Instruction for the data below: set down exactly the lines from the line with "section \<open>Discrete valuation" to the line with "A \<Longrightarrow> z", inclusive, and no others.
═══
lemma span_subset_principal_ideal:
  assumes A: "subring A" and "F \<subseteq> principal_ideal A a"
  shows "span A F \<subseteq> principal_ideal A a"
proof
  fix y assume "y \<in> span A F"
  then obtain G c where G: "finite G" "G \<subseteq> F" "\<forall>g\<in>G. c g \<in> A"
    and y: "y = (\<Sum>g\<in>G. c g * g)"
    unfolding span_def by blast
  have "\<forall>g\<in>G. \<exists>e. e \<in> A \<and> g = e * a"
    using G(2) assms(2) unfolding principal_ideal_def by blast
  then obtain e where e: "\<And>g. g \<in> G \<Longrightarrow> e g \<in> A \<and> g = e g * a"
    by metis
  have "y = (\<Sum>g\<in>G. c g * e g * a)"
    unfolding y using e by (intro sum.cong) (auto simp: mult.assoc)
  also have "\<dots> = (\<Sum>g\<in>G. c g * e g) * a" by (simp add: sum_distrib_right)
  finally have "y = (\<Sum>g\<in>G. c g * e g) * a" .
  moreover have "(\<Sum>g\<in>G. c g * e g) \<in> A"
    using G e by (auto intro!: subring_sum[OF A] subring_mult[OF A])
  ultimately show "y \<in> principal_ideal A a" unfolding principal_ideal_def by blast
qed

lemma max_ideal_ideal: "max_ideal A I \<Longrightarrow> ideal_of A I"
  and max_ideal_proper: "max_ideal A I \<Longrightarrow> I \<noteq> A"
  and max_ideal_maximal:
    "max_ideal A I \<Longrightarrow> ideal_of A J \<Longrightarrow> I \<subseteq> J \<Longrightarrow> J \<noteq> A \<Longrightarrow> J = I"
  unfolding max_ideal_def by blast+

lemma proper_ideal_subset_max_ideal:
  assumes A: "subring A" and I: "ideal_of A I" "1 \<notin> I"
  obtains M where "max_ideal A M" "I \<subseteq> M"
proof -
  define \<F> where "\<F> = {J. ideal_of A J \<and> I \<subseteq> J \<and> 1 \<notin> J}"
  have "\<exists>M\<in>\<F>. \<forall>J\<in>\<F>. M \<subseteq> J \<longrightarrow> J = M"
  proof (rule subset_Zorn_nonempty)
    show "\<F> \<noteq> {}" using I unfolding \<F>_def by blast
    fix \<C> assume \<C>: "\<C> \<noteq> {}" "subset.chain \<F> \<C>"
    then have \<C>\<F>: "\<And>X. X \<in> \<C> \<Longrightarrow> ideal_of A X \<and> I \<subseteq> X \<and> 1 \<notin> X"
      and chain: "\<And>X Y. X \<in> \<C> \<Longrightarrow> Y \<in> \<C> \<Longrightarrow> X \<subseteq> Y \<or> Y \<subseteq> X"
      unfolding subset_chain_def \<F>_def by blast+
    have "ideal_of A (\<Union>\<C>)"
      unfolding ideal_of_def
    proof (intro conjI ballI)
      show "\<Union>\<C> \<subseteq> A" using \<C>\<F> ideal_of_subset by blast
      show "0 \<in> \<Union>\<C>" using \<C>(1) \<C>\<F> ideal_of_0 by blast
      fix y z assume "y \<in> \<Union>\<C>" "z \<in> \<Union>\<C>"
      then obtain X Z where XZ: "X \<in> \<C>" "Z \<in> \<C>" "y \<in> X" "z \<in> Z" by blast
      have "X \<union> Z = X \<or> X \<union> Z = Z" using chain[OF XZ(1,2)] by blast
      then have "X \<union> Z \<in> \<C>" using XZ(1,2) by metis
      moreover have "y + z \<in> X \<union> Z"
        using ideal_of_add \<C>\<F>[OF \<open>X \<union> Z \<in> \<C>\<close>] XZ(3,4) by blast
      ultimately show "y + z \<in> \<Union>\<C>" by blast
    next
      fix a y assume "a \<in> A" "y \<in> \<Union>\<C>"
      then obtain X where "X \<in> \<C>" "y \<in> X" by blast
      then show "a * y \<in> \<Union>\<C>" using ideal_of_mult \<C>\<F> \<open>a \<in> A\<close> by blast
    qed
    moreover have "I \<subseteq> \<Union>\<C>" "1 \<notin> \<Union>\<C>" using \<C>(1) \<C>\<F> by blast+
    ultimately show "\<Union>\<C> \<in> \<F>" unfolding \<F>_def by blast
  qed
  then obtain M where "M \<in> \<F>" and M_max: "\<And>J. J \<in> \<F> \<Longrightarrow> M \<subseteq> J \<Longrightarrow> J = M"
    by blast
  then have M: "ideal_of A M" "I \<subseteq> M" "1 \<notin> M" unfolding \<F>_def by simp_all
  have "M \<noteq> A" using M(3) subring_1[OF A] by blast
  then have "max_ideal A M"
    unfolding max_ideal_def using M M_max ideal_of_eq_if_1 unfolding \<F>_def by blast
  then show thesis using that M(2) by blast
qed

lemma local_ring_subring: "local_ring A \<Longrightarrow> subring A"
  unfolding local_ring_def by simp

lemma local_ring_max_ideal: "local_ring A \<Longrightarrow> max_ideal A (maxideal A)"
  unfolding local_ring_def maxideal_def by (metis theI')

lemma local_ring_maxideal_unique: "local_ring A \<Longrightarrow> max_ideal A I \<Longrightarrow> I = maxideal A"
  using local_ring_max_ideal unfolding local_ring_def by metis

lemma local_ring_maxideal_eq_nonunits:
  assumes "local_ring A"
  shows "maxideal A = {y \<in> A. \<not> unit_in A y}"
proof
  have M: "ideal_of A (maxideal A)" "maxideal A \<noteq> A"
    using local_ring_max_ideal[OF assms] max_ideal_ideal max_ideal_proper by blast+
  show "maxideal A \<subseteq> {y \<in> A. \<not> unit_in A y}"
    using ideal_of_nonunit[OF M] ideal_of_subset[OF M(1)] by blast
next
  have A: "subring A" using assms by (rule local_ring_subring)
  show "{y \<in> A. \<not> unit_in A y} \<subseteq> maxideal A"
  proof clarify
    fix y assume y: "y \<in> A" "\<not> unit_in A y"
    have "1 \<notin> principal_ideal A y"
    proof
      assume "1 \<in> principal_ideal A y"
      then obtain c where "c \<in> A" "c * y = 1" unfolding principal_ideal_def by auto
      then show False using unit_in_if_mult_eq_1 y by blast
    qed
    then obtain M where "max_ideal A M" "principal_ideal A y \<subseteq> M"
      using proper_ideal_subset_max_ideal[OF A ideal_of_principal_ideal[OF A y(1)]] by blast
    then show "y \<in> maxideal A"
      using local_ring_maxideal_unique[OF assms] principal_ideal_self[OF A, of y] by blast
  qed
qed

lemma local_ringI_nonunits:
  assumes A: "subring A" and N: "ideal_of A {y \<in> A. \<not> unit_in A y}"
  shows "local_ring A" "maxideal A = {y \<in> A. \<not> unit_in A y}"
proof -
  let ?N = "{y \<in> A. \<not> unit_in A y}"
  have proper_in_N: "J \<subseteq> ?N" if "ideal_of A J" "J \<noteq> A" for J
    using ideal_of_nonunit[OF that] ideal_of_subset[OF that(1)] by blast
  have "1 \<notin> ?N" using unit_in_1[OF A] by blast
  then have "?N \<noteq> A" using subring_1[OF A] by blast
  then have max: "max_ideal A ?N"
    unfolding max_ideal_def using N proper_in_N by blast
  have "M = ?N" if M: "max_ideal A M" for M
  proof -
    have "M \<subseteq> ?N" using proper_in_N max_ideal_ideal[OF M] max_ideal_proper[OF M] by blast
    then show ?thesis using max_ideal_maximal[OF M N] \<open>?N \<noteq> A\<close> by blast
  qed
  then show "local_ring A" unfolding local_ring_def using A max by blast
  then show "maxideal A = ?N" using local_ring_maxideal_unique max by blast
qed

section \<open>Discrete valuation rings from a principal maximal ideal\<close>

lemma frac_closed:
  assumes A: "subring A"
  shows frac_of_mem: "a \<in> A \<Longrightarrow> a \<in> frac A"
    and frac_mult: "y \<in> frac A \<Longrightarrow> z \<in> frac A \<Longrightarrow> y * z \<in> frac A"
    and frac_inverse: "y \<in> frac A \<Longrightarrow> inverse y \<in> frac A"
proof -
  show "a \<in> A \<Longrightarrow> a \<in> frac A"
    unfolding frac_def using subring_1[OF A] by force
  show "y * z \<in> frac A" if yz: "y \<in> frac A" "z \<in> frac A"
  proof -
    obtain a b c d where "a \<in> A" "b \<in> A" "b \<noteq> 0" "c \<in> A" "d \<in> A" "d \<noteq> 0"
      "y = a / b" "z = c / d"
      using yz unfolding frac_def by blast
    then show ?thesis
      unfolding frac_def by (intro CollectI exI[of _ "a * c"] exI[of _ "b * d"]) (simp add: subring_mult[OF A])
  qed
  show "inverse y \<in> frac A" if y: "y \<in> frac A"
  proof -
    obtain a b where "a \<in> A" "b \<in> A" "b \<noteq> 0" "y = a / b"
      using y unfolding frac_def by blast
    then show ?thesis
      unfolding frac_def using subring_0[OF A] subring_1[OF A]
      by (cases "a = 0") (force, intro CollectI exI[of _ b] exI[of _ a], simp)
  qed
qed

locale uniformizer =
  fixes A :: "'a::field set" and z :: 'a
  assumes subring: "subring A" and z_in: "z \<in> A" and z_nonzero: "z \<noteq> 0"
    and z_nonunit: "\<not> unit_in A z"
    and nonunit_divisible: "\<And>y. y \<in> A \<Longrightarrow> \<not> unit_in A y \<Longrightarrow> y \<in> principal_ideal A z"
    and not_divisible_by_all_powers:
      "\<And>y. y \<in> A \<Longrightarrow> y \<noteq> 0 \<Longrightarrow> \<exists>n. y \<notin> principal_ideal A (z ^ n)"
begin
═══
(Exercise output):
section \<open>Discrete valuation rings from a principal maximal ideal\<close>

lemma frac_closed:
  assumes A: "subring A"
  shows frac_of_mem: "a \<in> A \<Longrightarrow> a \<in> frac A"
    and frac_mult: "y \<in> frac A \<Longrightarrow> z \<in> frac A \<Longrightarrow> y * z \<in> frac A"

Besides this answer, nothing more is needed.